We’re in Montalcino in the week of the release of the 2011 Brunellos, and Illy has just held the official opening of his new cellar. It’s a beautiful snail-shell-like construction that was made by laying 750,000 bricks, echoes the Pantheon in Rome and uses the proportions of the golden mean, a ratio that dates back at least to Pythagoras and is believed to underpin the structure both of ferns and financial markets.
The Trieste-raised Italian, who now works for the family business in Switzerland, bought the Podere le Ripi estate here in 1998. From the building of the cellar to the planting of the vines, he has been doing things differently from the locals ever since. And the story of how he came to be here is unusual, too.
“It seems like I was born with a weak liver so when I was 18, the doctor said, ‘You must drink some spa water’. I was going to Boio, which is a pretty ugly place, then he sent me near here.” So let’s get this straight: man with weak liver comes to Tuscany for a cure, and decides to make wine?
“Oh, I wasn’t worried about my liver, and it didn’t happen like that. I love nature and I fell in love with Tuscany and made friends.” He kept returning, and eventually decided he wanted a house of his own. The search for a podere [a country estate with a farmhouse] eventually led him here, to the south of the hilltop village of Montalcino where, next to the Mastrojanni wine estate, he found 54 hectares of land, not a single vine, a house, and a Sardinian shepherd asleep under an oak tree.
Once here it seemed ridiculous not to plant vines, so he did, but with the express intention of selling the grapes to other producers. “I thought I was too old to learn how to make wine.” But not doing things properly is not really the Illy style. “Francesco often says we will do something, and it seems impossible to me, but six or 12 months later I find it’s happening,” says his bright young oenologist, Sebastian Nasello.
In 2003, a super-hot year throughout Europe, when many of his grapes were so raisined as to be unsaleable, Illy decided to have a bash at vinifying them himself, producing a small quantity – just two barrels – of “extremely good” sweet wine. “This kind of made me a winemaker, because the attraction was very strong to the vertical experience of preparing the soil, growing the grapes, making and then finally drinking the wine. It brings you into a rapport with the land.”

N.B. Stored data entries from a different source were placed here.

definition oRe :: "oct \<Rightarrow> real" where
  "oRe x = fst (fst x)"

definition oinner :: "oct \<Rightarrow> oct \<Rightarrow> real" where
  "oinner a b = oRe (omult a (ocnj b))"

definition onorm2 :: "oct \<Rightarrow> real" where
  "onorm2 a = oinner a a"

text \<open>The line element of the metric in the chart [1,u,v] \<mapsto> (u,v), at the point (u,v),
  evaluated on the tangent vector (du,dv) = (\<xi>,\<eta>).\<close>
definition ds2 :: "oct \<times> oct \<Rightarrow> oct \<times> oct \<Rightarrow> real" where
  "ds2 p X = (let u = fst p; v = snd p; \<xi> = fst X; \<eta> = snd X in
     (onorm2 \<xi> * (1 + onorm2 v) + onorm2 \<eta> * (1 + onorm2 u)
       - 2 * oRe (omult (omult u (ocnj v)) (omult \<eta> (ocnj \<xi>))))
     / (1 + onorm2 u + onorm2 v)^2)"

definition gmet :: "oct \<times> oct \<Rightarrow> oct \<times> oct \<Rightarrow> oct \<times> oct \<Rightarrow> real" where
  "gmet p X Y = (ds2 p (X + Y) - ds2 p (X - Y)) / 4"

definition D2 :: "(oct \<times> oct \<Rightarrow> real) \<Rightarrow> oct \<times> oct \<Rightarrow> oct \<times> oct \<Rightarrow> oct \<times> oct \<Rightarrow> real" where
  "D2 f p X W = deriv (\<lambda>s. deriv (\<lambda>t. f (p + s *\<^sub>R X + t *\<^sub>R W)) 0) 0"
lemma boundary_of_host_colouring_off:
  assumes \<phi>: "colouring_off H D \<phi>" and D: "D \<inter> S = {}"
  shows "\<phi> (ni1 N) \<noteq> \<phi> (ni2 N) \<and> \<phi> (no1 N) \<noteq> \<phi> (no2 N) \<and>
    \<phi> (ni1 N) + \<phi> (ni2 N) \<noteq> \<phi> (no1 N) + \<phi> (no2 N) \<and>
    \<phi> (nr N) = (\<phi> (ni1 N) + \<phi> (ni2 N)) + (\<phi> (no1 N) + \<phi> (no2 N))"
proof -
  obtain euw ewv where
    e: "incident H euw (nu N)" "incident H euw (nw N)" "incident H ewv (nw N)" "incident H ewv (nv N)"
    "distinct [ni1 N, ni2 N, euw]" "distinct [no1 N, no2 N, ewv]" "distinct [euw, ewv, nr N]"
    by (rule inner_edges)
  have u: "nu N \<in> verts H - D" and w: "nw N \<in> verts H - D" and v: "nv N \<in> verts H - D"
    using D path_verts by auto
  have "\<phi> (ni1 N) \<noteq> \<phi> (ni2 N) \<and> \<phi> euw = \<phi> (ni1 N) + \<phi> (ni2 N)"
    using colouring_off_third_eq_add[OF \<phi> u semiedges_incident(1,2) e(1,5)] .
  moreover have "\<phi> (no1 N) \<noteq> \<phi> (no2 N) \<and> \<phi> ewv = \<phi> (no1 N) + \<phi> (no2 N)"
    using colouring_off_third_eq_add[OF \<phi> v semiedges_incident(3,4) e(4,6)] .
  moreover have "\<phi> euw \<noteq> \<phi> ewv \<and> \<phi> (nr N) = \<phi> euw + \<phi> ewv"
    using colouring_off_third_eq_add[OF \<phi> w e(2,3) semiedges_incident(5) e(7)] .
  ultimately show ?thesis
    by simp
qed

lemma output_boundary_of_host_colouring_off:
  assumes \<phi>: "colouring_off H D \<phi>" and D: "nw N \<notin> D" "nv N \<notin> D"
  shows "\<phi> (no1 N) \<noteq> \<phi> (no2 N) \<and> (\<phi> (nr N) = \<phi> (no1 N) \<or> \<phi> (nr N) = \<phi> (no2 N))"
proof -
  obtain euw ewv where
    e: "incident H euw (nw N)" "incident H ewv (nw N)" "incident H ewv (nv N)"
    "distinct [no1 N, no2 N, ewv]" "distinct [euw, ewv, nr N]"
    by (rule inner_edges)
  have w_in: "nw N \<in> verts H - D" and v_in: "nv N \<in> verts H - D"
    using D path_verts by auto
  have v: "\<phi> (no1 N) \<noteq> \<phi> (no2 N) \<and> \<phi> ewv = \<phi> (no1 N) + \<phi> (no2 N)"
    using colouring_off_third_eq_add[OF \<phi> v_in semiedges_incident(3,4) e(3,4)] .
  have w: "\<phi> (nr N) = \<phi> euw + \<phi> ewv"
    using colouring_off_third_eq_add[OF \<phi> w_in e(1,2) semiedges_incident(5) e(5)] by blast
  have KK: "\<phi> euw \<in> KK" "\<phi> (no1 N) \<in> KK" "\<phi> (no2 N) \<in> KK" "\<phi> (nr N) \<in> KK"
    using e semiedges_incident colouring_off_KK[OF \<phi>] by (auto simp: incident_def)
  then have "\<phi> (nr N) \<noteq> \<phi> (no1 N) + \<phi> (no2 N)"
    using v w KK_add_ne_right by metis
  then show ?thesis
    using v KK KK_eq_insert by blast
qed
lemma edge_exponent_degree:
  fixes B :: "('a::finite \<times> 'a) set"
  assumes "(x, \<xi>) \<in> B" and "f \<in> supported_trees B x"
  shows "sum (edge_exponent x \<xi> f) B = CARD('a)"
proof -
  have "sum (edge_exponent x \<xi> f) B = card (B \<inter> {p. fst p \<noteq> x \<and> f (fst p) = snd p}) + 1"
  proof -
    have "B \<inter> {p. p = (x, \<xi>)} = {(x, \<xi>)}"
      using assms(1) by auto
    then show ?thesis
      by (simp add: edge_exponent_def sum.distrib)
  qed
  also have "card (B \<inter> {p. fst p \<noteq> x \<and> f (fst p) = snd p}) = CARD('a) - 1"
    unfolding supported_tree_edges[OF assms(2)]
    by (subst card_image) (auto simp: inj_on_def card_Diff_singleton)
  finally show ?thesis
    by simp
qed

lemma edge_exponent_monomial:
  fixes Q :: "'a::finite \<Rightarrow> 'a \<Rightarrow> 'b::comm_monoid_mult"
  assumes "(x, \<xi>) \<in> B" and "f \<in> supported_trees B x"
  shows "(\<Prod>p\<in>B. Q (fst p) (snd p) ^ edge_exponent x \<xi> f p) = tree_weight Q x f * Q x \<xi>"
proof -
  let ?T = "{p. fst p \<noteq> x \<and> f (fst p) = snd p}" and ?Q = "\<lambda>p. Q (fst p) (snd p)"
  have "(\<Prod>p\<in>B. ?Q p ^ edge_exponent x \<xi> f p)
      = (\<Prod>p\<in>B. if p \<in> ?T then ?Q p else 1) * (\<Prod>p\<in>B. if p \<in> {(x, \<xi>)} then ?Q p else 1)"
    unfolding edge_exponent_def power_add prod.distrib
    by (intro arg_cong2[where f = "(*)"] prod.cong refl) (simp_all add: of_bool_def)
  also have "\<dots> = (\<Prod>p\<in>B \<inter> ?T. ?Q p) * (\<Prod>p\<in>B \<inter> {(x, \<xi>)}. ?Q p)"
    by (simp only: prod.inter_restrict finite)
  also have "B \<inter> {(x, \<xi>)} = {(x, \<xi>)}"
    using assms(1) by auto
  also have "(\<Prod>p\<in>B \<inter> ?T. ?Q p) = tree_weight Q x f"
    unfolding supported_tree_edges[OF assms(2)] tree_weight_def
    by (subst prod.reindex) (auto simp: inj_on_def)
  finally show ?thesis
    by simp
qed

lemma conductance_monomial_expansion:
  fixes Q :: "'a::finite \<Rightarrow> 'a \<Rightarrow> real"
  assumes rates: "jump_rates Q" and irred: "irreducible_rates Q" and inv: "invariant_prob Q \<mu>"
    and zero: "\<And>x y. x \<noteq> y \<Longrightarrow> (x, y) \<notin> B \<Longrightarrow> Q x y = 0"
  shows "\<exists>t>0. \<forall>x \<xi>. (x, \<xi>) \<in> B \<longrightarrow> \<mu> x * Q x \<xi> =
    t * (\<Sum>f\<in>supported_trees B x. \<Prod>p\<in>B. Q (fst p) (snd p) ^ edge_exponent x \<xi> f p)"
proof -
  obtain t where "t > 0" and mu: "\<And>x. \<mu> x = t * tree_sum Q x"
    using invariant_prob_tree_sum[OF rates irred inv] by blast
  have "\<mu> x * Q x \<xi> =
      t * (\<Sum>f\<in>supported_trees B x. \<Prod>p\<in>B. Q (fst p) (snd p) ^ edge_exponent x \<xi> f p)"
    if "(x, \<xi>) \<in> B" for x \<xi>
  proof -
    have "\<mu> x * Q x \<xi> = t * (\<Sum>f\<in>supported_trees B x. tree_weight Q x f * Q x \<xi>)"
      by (simp add: mu tree_sum_supported[OF zero] sum_distrib_right)
    also have "\<dots> = t * (\<Sum>f\<in>supported_trees B x. \<Prod>p\<in>B. Q (fst p) (snd p) ^ edge_exponent x \<xi> f p)"
      using that by (simp add: edge_exponent_monomial)
    finally show ?thesis .
  qed
  with \<open>t > 0\<close> show ?thesis
    by blast
qed
(* Let $m>1$, $D>0$ and $r\ge 0$, and let $b,d$ satisfy the standing assumptions below. Then there exists a constant $\dot c=\dot c(m,r,b,d)>0$, depending on $m$, $r$ and the structure of $b(\cdot),d(\cdot)$, such that for every $c\in(0,\dot c)$ the wave profile equation $$c\phi'(t)=D(\phi^m)''(t)-d(\phi(t))+b(\phi(t-cr)),\qquad t\in\mathbb R,$$ admits no wave solution (neither semi-wavefront nor wavefront, neither sharp nor smooth). Moreover, $$\dot c(m,r,b,d)=\frac{\mu_0(m,b(\cdot),d(\cdot))+o(1)}{r},\qquad r\to+\infty,$$ for some constant $\mu_0(m,b(\cdot),d(\cdot))>0$ not depending on $r$.
   Context: Standing assumptions: the death rate $d\in C^2([0,+\infty))$ satisfies $d(0)=0$, $d'(s)>0$ and $d''(s)\ge0$ for $s>0$. The birth rate $b\in C^1([0,+\infty);[0,+\infty))$ has exactly one positive local extremum point $s_M$, which is its global maximum point; $b(0)=0$; there is $\kappa>0$ with $b(\kappa)=d(\kappa)$; $b'(0)>d'(0)$; $b'(\kappa)<d'(\kappa)$; and $d(s)<b(s)\le b'(0)s$ for $s\in(0,\kappa)$. Moreover $s_M<\kappa$. Definitions: a function $0\le\phi\in W^{1,1}_{\rm loc}(\mathbb R)\cap L^\infty(\mathbb R)$ with $\phi^m\in W^{1,1}_{\rm loc}(\mathbb R)$ is a semi-wavefront (of speed $c>0$) if (i) it satisfies the wave profile equation in the sense of distributions; (ii) $\phi(-\infty)=0$ and $0<\liminf_{t\to+\infty}\phi(t)\le\limsup_{t\to+\infty}\phi(t)<+\infty$; (iii) there is a maximal interval $(-\infty,t_0)$, $t_0\in(-\infty,+\infty]$, on which $\phi$ is monotonically increasing, and if $t_0<+\infty$ then $\phi(t_0)>\kappa$. A wavefront is a semi-wavefront with $\phi(+\infty)=\kappa$. A wave solution means a semi-wavefront or wavefront. It is sharp if there is $t_*\in\mathbb R$ with $\phi(t)=0$ for $t\le t_*$ and $\phi(t)>0$ for $t>t_*$, and smooth if $\phi(t)>0$ for all $t$. *)

theory Defs
  imports "HOL-Analysis.Analysis"
begin

definition death_rate_assms ::
  "(real \<Rightarrow> real) \<Rightarrow> (real \<Rightarrow> real) \<Rightarrow> (real \<Rightarrow> real) \<Rightarrow> bool" where
  "death_rate_assms d d1 d2 \<longleftrightarrow>
     (\<forall>s\<ge>0. (d has_real_derivative d1 s) (at s within {0..})) \<and>
     (\<forall>s\<ge>0. (d1 has_real_derivative d2 s) (at s within {0..})) \<and>
     continuous_on {0..} d2 \<and>
     d 0 = 0 \<and> (\<forall>s>0. d1 s > 0) \<and> (\<forall>s>0. d2 s \<ge> 0)"

definition loc_max_at :: "(real \<Rightarrow> real) \<Rightarrow> real \<Rightarrow> bool" where
  "loc_max_at f x \<longleftrightarrow> (\<exists>\<delta>>0. \<forall>y. \<bar>y - x\<bar> < \<delta> \<longrightarrow> f y \<le> f x)"

definition loc_min_at :: "(real \<Rightarrow> real) \<Rightarrow> real \<Rightarrow> bool" where
  "loc_min_at f x \<longleftrightarrow> (\<exists>\<delta>>0. \<forall>y. \<bar>y - x\<bar> < \<delta> \<longrightarrow> f x \<le> f y)"

definition birth_rate_assms ::
  "(real \<Rightarrow> real) \<Rightarrow> (real \<Rightarrow> real) \<Rightarrow> (real \<Rightarrow> real) \<Rightarrow> (real \<Rightarrow> real)
     \<Rightarrow> real \<Rightarrow> real \<Rightarrow> bool" where
  "birth_rate_assms b b1 d d1 \<kappa> sM \<longleftrightarrow>
     (\<forall>s\<ge>0. (b has_real_derivative b1 s) (at s within {0..})) \<and>
     continuous_on {0..} b1 \<and>
     (\<forall>s\<ge>0. b s \<ge> 0) \<and>
     sM > 0 \<and> (loc_max_at b sM \<or> loc_min_at b sM) \<and>
     (\<forall>x>0. (loc_max_at b x \<or> loc_min_at b x) \<longrightarrow> x = sM) \<and>
     (\<forall>s\<ge>0. b s \<le> b sM) \<and>
     b 0 = 0 \<and> \<kappa> > 0 \<and> b \<kappa> = d \<kappa> \<and>
     b1 0 > d1 0 \<and> b1 \<kappa> < d1 \<kappa> \<and>
     (\<forall>s. 0 < s \<and> s < \<kappa> \<longrightarrow> d s < b s \<and> b s \<le> b1 0 * s) \<and>
     sM < \<kappa>"

definition test_fun :: "(real \<Rightarrow> real) \<Rightarrow> bool" where
  "test_fun \<psi> \<longleftrightarrow> (\<forall>k x. ((deriv ^^ k) \<psi>) differentiable (at x)) \<and>
                    (\<exists>a b. \<forall>x. x \<notin> {a..b} \<longrightarrow> \<psi> x = 0)"

definition loc_integrable :: "(real \<Rightarrow> real) \<Rightarrow> bool" where
  "loc_integrable f \<longleftrightarrow> (\<forall>a b. set_integrable lborel {a..b} f)"

definition W11_loc :: "(real \<Rightarrow> real) \<Rightarrow> bool" where
  "W11_loc f \<longleftrightarrow> loc_integrable f \<and>
     (\<exists>g. loc_integrable g \<and>
        (\<forall>\<psi>. test_fun \<psi> \<longrightarrow>
           (\<integral>t. f t * deriv \<psi> t \<partial>lborel) = - (\<integral>t. g t * \<psi> t \<partial>lborel)))"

That was the turning point, but Illy had already been very hands-on with the viticulture. Planting vines at higher density (in terms of the number of plants per hectare) is already fashionable among producers of higher quality wine. Illy got the idea from a visit to Burgundy where he was told he’d have to wait 35 years before the vines produced decent wine. “I asked myself, shall I wait until I’m 90?” and began to increase the density of his own plantings. “It obliges the roots to go deeper, more quickly, which means they get the benefit of the minerals in different geological layers.”
Of course he took the concept of planting at higher density further than anyone else. At Podere le Ripi there are a few small areas planted with a crazy 62,500 vines per hectare. No one in the world has planted so many vines so close together – Illy took out an advertisement in The Wine Spectator, challenging anyone who had to speak up. He calls them his bonsai vines. The vineyard workers hate them and are desperate to pull them out. Who wants to look after vines planted so close you have to contort yourself to prune and treat? But Illy is adamant – and the bonsai vines are used to make his most expensive wine.
Illy is a highly energised, visionary, tree-loving hippy at heart. He works according to the principles of biodynamics – think organic, but also take into account the movements of the celestial bodies.
“I wanted to do everything organically because it doesn’t put any poison in the soil – or in you. Also, biodynamics creates jobs because it is more labour intensive. It also sequestrates about four tons a year of carbon dioxide, whereas conventional farming puts about the same amount back into the atmosphere.” Is he so ecologically-minded in the rest of his life? I ask, as we sit in his gigantic car outside the agriturismo where I am staying. “I try to be, except the car, I live in this, many hours. But I have also planted 10,000 trees in Egypt.”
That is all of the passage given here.